Русская поэзия начала ХХ века - [5]
В стихах тех лет мы часто встречаем эсхатологические образы и метафоры, аллегории и символы из Апокалипсиса («И се конь блед и сидящий на нем, имя ему Смерть»), но и поэты и читатели воспринимали их скорее как жутковатую, но захватывающую игру в одиночество, мистерию-пророчество, которое едва ли когда сбудется. Нельзя же было всерьез воспринимать, когда поэт с веселым самодовольством («Я ненавижу человечество…») объявлял, что он славит «чуму, проказу, тьму, убийство и беду, Гоморру и Содом», что он, автор, приветствует, как брата, Нерона, жестокого тирана-позера. И — одновременно — декларации о прорыве в другой мир, «от реальностей к более реальному», от земных корней к мистически прозреваемой сущности, к соответствиям и аналогиям.
Символисты напряженно стремились существовать в двух планах — реальном и мистическом. В творческой практике это вело к лирико-стихотворному иллюзионизму. Подлинная же роль модернистов напоминала роль средневековых алхимиков, которые так и не нашли золота, в мечтах слепившего им глаза.
Искусство искало самоценную содержательность формы, где звуки говорят не меньше слов, где слово отличается многозначностью, где символ — эстетическое воплощение бесчисленных связей, существующих в живой жизни. Символ потеснил натурализм, расширил фонд образов, интонаций и экспрессий, выиграл бой с фотографическим бытовизмом, достиг вершин музыкальности, но обещанных «торжествующих созвучий», идущих от зыбких таинственных запредельностей, читатель так и не услышал, как не постигли их и авторы. Это привело символистов в идейный и художественный тупик, обнаружило полуусловную стилизованность их поэтического слова, а затем и взорвало движение изнутри, ибо оно не могло дать ответов на животрепещущие вопросы дня.

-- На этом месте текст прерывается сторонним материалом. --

definition canon_bridge_path :: "(real \<Rightarrow> 'a \<Rightarrow> real) \<Rightarrow> 'a \<Rightarrow> real \<Rightarrow> real" where
  "canon_bridge_path W \<omega> = (\<lambda>t. if t \<in> {0<..1} then W t \<omega> - t * W 1 \<omega> else 0)"

abbreviation path_space :: "(real \<Rightarrow> real) measure" where
  "path_space \<equiv> Pi\<^sub>M UNIV (\<lambda>_. borel)"

definition spot_est :: "(real \<Rightarrow> real \<Rightarrow> (real \<Rightarrow> real) \<Rightarrow> real) \<Rightarrow> nat \<Rightarrow> real \<Rightarrow> real
      \<Rightarrow> (nat \<Rightarrow> real) \<Rightarrow> (nat \<Rightarrow> real) \<Rightarrow> (real \<Rightarrow> 'a \<Rightarrow> real) \<Rightarrow> nat \<Rightarrow> 'a \<Rightarrow> real" where
  "spot_est Dest n \<Delta> X0 \<mu> \<sigma> W i \<omega> =
     Dest (grid \<Delta> (i - 1)) (grid \<Delta> i) (bridge_path n \<Delta> X0 \<mu> \<sigma> W i \<omega>)"

definition total_est :: "(real \<Rightarrow> real \<Rightarrow> (real \<Rightarrow> real) \<Rightarrow> real) \<Rightarrow> nat \<Rightarrow> real \<Rightarrow> real
      \<Rightarrow> (nat \<Rightarrow> real) \<Rightarrow> (nat \<Rightarrow> real) \<Rightarrow> (real \<Rightarrow> 'a \<Rightarrow> real) \<Rightarrow> 'a \<Rightarrow> real" where
  "total_est Dest n \<Delta> X0 \<mu> \<sigma> W \<omega> = (\<Sum>i\<in>{1..n}. spot_est Dest n \<Delta> X0 \<mu> \<sigma> W i \<omega>)"

definition canon_est :: "(real \<Rightarrow> real \<Rightarrow> (real \<Rightarrow> real) \<Rightarrow> real) \<Rightarrow> (real \<Rightarrow> 'a \<Rightarrow> real) \<Rightarrow> 'a \<Rightarrow> real" where
  "canon_est Dest W \<omega> = Dest 0 1 (canon_bridge_path W \<omega>)"

definition expect :: "'a measure \<Rightarrow> ('a \<Rightarrow> real) \<Rightarrow> real" where
  "expect M X = integral\<^sup>L M X"

definition var :: "'a measure \<Rightarrow> ('a \<Rightarrow> real) \<Rightarrow> real" where
  "var M X = integral\<^sup>L M (\<lambda>\<omega>. (X \<omega> - expect M X)\<^sup>2)"

definition coef_var :: "'a measure \<Rightarrow> ('a \<Rightarrow> real) \<Rightarrow> real" where
  "coef_var M X = sqrt (var M X) / expect M X"

end

theory Submission
  imports Defs
begin

text \<open>On a cell the drift enters the log-price linearly and cancels from the bridge, which is
  \<open>\<sigma>\<^sub>i\<close> times the Brownian bridge built from the Wiener increment path started at \<open>t\<^sub>i\<^sub>-\<^sub>1\<close>.
  Increments of \<open>W\<close> over non-overlapping intervals are independent, so the increment paths of
  distinct cells are independent path-valued random variables, and hence so are the spot
  estimators. By homogeneity the \<open>i\<close>-th spot estimator has mean \<open>c\<^sub>i = \<sigma>\<^sub>i\<^sup>2 \<Delta>\<close> and variance
  \<open>c\<^sub>i\<^sup>2 Var d\<close>, so \<open>\<rho> = sqrt (\<Sum> c\<^sub>i\<^sup>2 Var d) / \<Sum> c\<^sub>i\<close>. Cauchy-Schwarz,
  \<open>(\<Sum> c\<^sub>i)\<^sup>2 \<le> n \<Sum> c\<^sub>i\<^sup>2\<close>, bounds this below by \<open>sqrt (Var d / n)\<close>, with equality for
  constant volatility.\<close>

lemma wiener_prob_space: "wiener M W \<Longrightarrow> prob_space M"
  by (simp add: wiener_def)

А именно ими и жила страна, готовившаяся к «неслыханным переменам».
… Анна Ахматова говорила пишущему эти строки о том, что ее литературное поколение — из Иннокентия Анненского, и не потому что подражала автору «Кипарисового ларца», ибо, как она сказала, «мы содержались в нем».
Действительно, Иннокентию Анненскому выпала почетная, хотя и не очень громкая, участь стать крупнейшим «поэтом для поэтов». Анна Андреевна продемонстрировала примеры, подтверждающие ее высокую оценку Анненского. В интонациях, ритмическом рисунке, лексике, строфике, парафразах Анненского «обнаруживались» и Ахматова, и Гумилев, и Мандельштам, и Есенин, и Хлебников, и Цветаева, и Маяковский, и Пастернак… При жизни Анненского читатель его не знал — известность ограничивалась узким кружком, группировавшимся вокруг журнала «Аполлон», начавшего выходить в свет в год смерти поэта.
Единственный прижизненный сборник «Тихие песни» (1904) Анненский выпустил под псевдонимом — «Никто». Посмертная слава Анненского началась с выходом сборника «Кипарисовый ларец» (1910), стихи в котором выделялась совершенством, доведенным до изысканности. Культ формы, музыкальность, превращение слова в «мелодический дождь символов», выражающих в тысячах переходов, переливов и оттенков постоянное «желание уничтожиться и боязнь умереть». Особенно удавались Анненскому выражения настроения «городской, отчасти каменной, музейной души», которую, как он сам считал, «пытали Достоевским».
Если приверженцы реалистической эстетики ценили и ценят верность жизненным наблюдениям, то для поэтики декаданса характерно умение быть «потусторонним», улавливающим «эхо иных звуков, о которых мы не знаем — откуда они приходят и куда уходят».
Иннокентий Анненский стремился от «безнадежной разоренности своего пошлого мира уйти в «сладостный гашиш» поэзии.
Тогдашний опытный читатель считал Александра Блока «потустороннейшим из певцов» и наслаждался своим умением истолковывать-расшифровывать стихи-ребусы.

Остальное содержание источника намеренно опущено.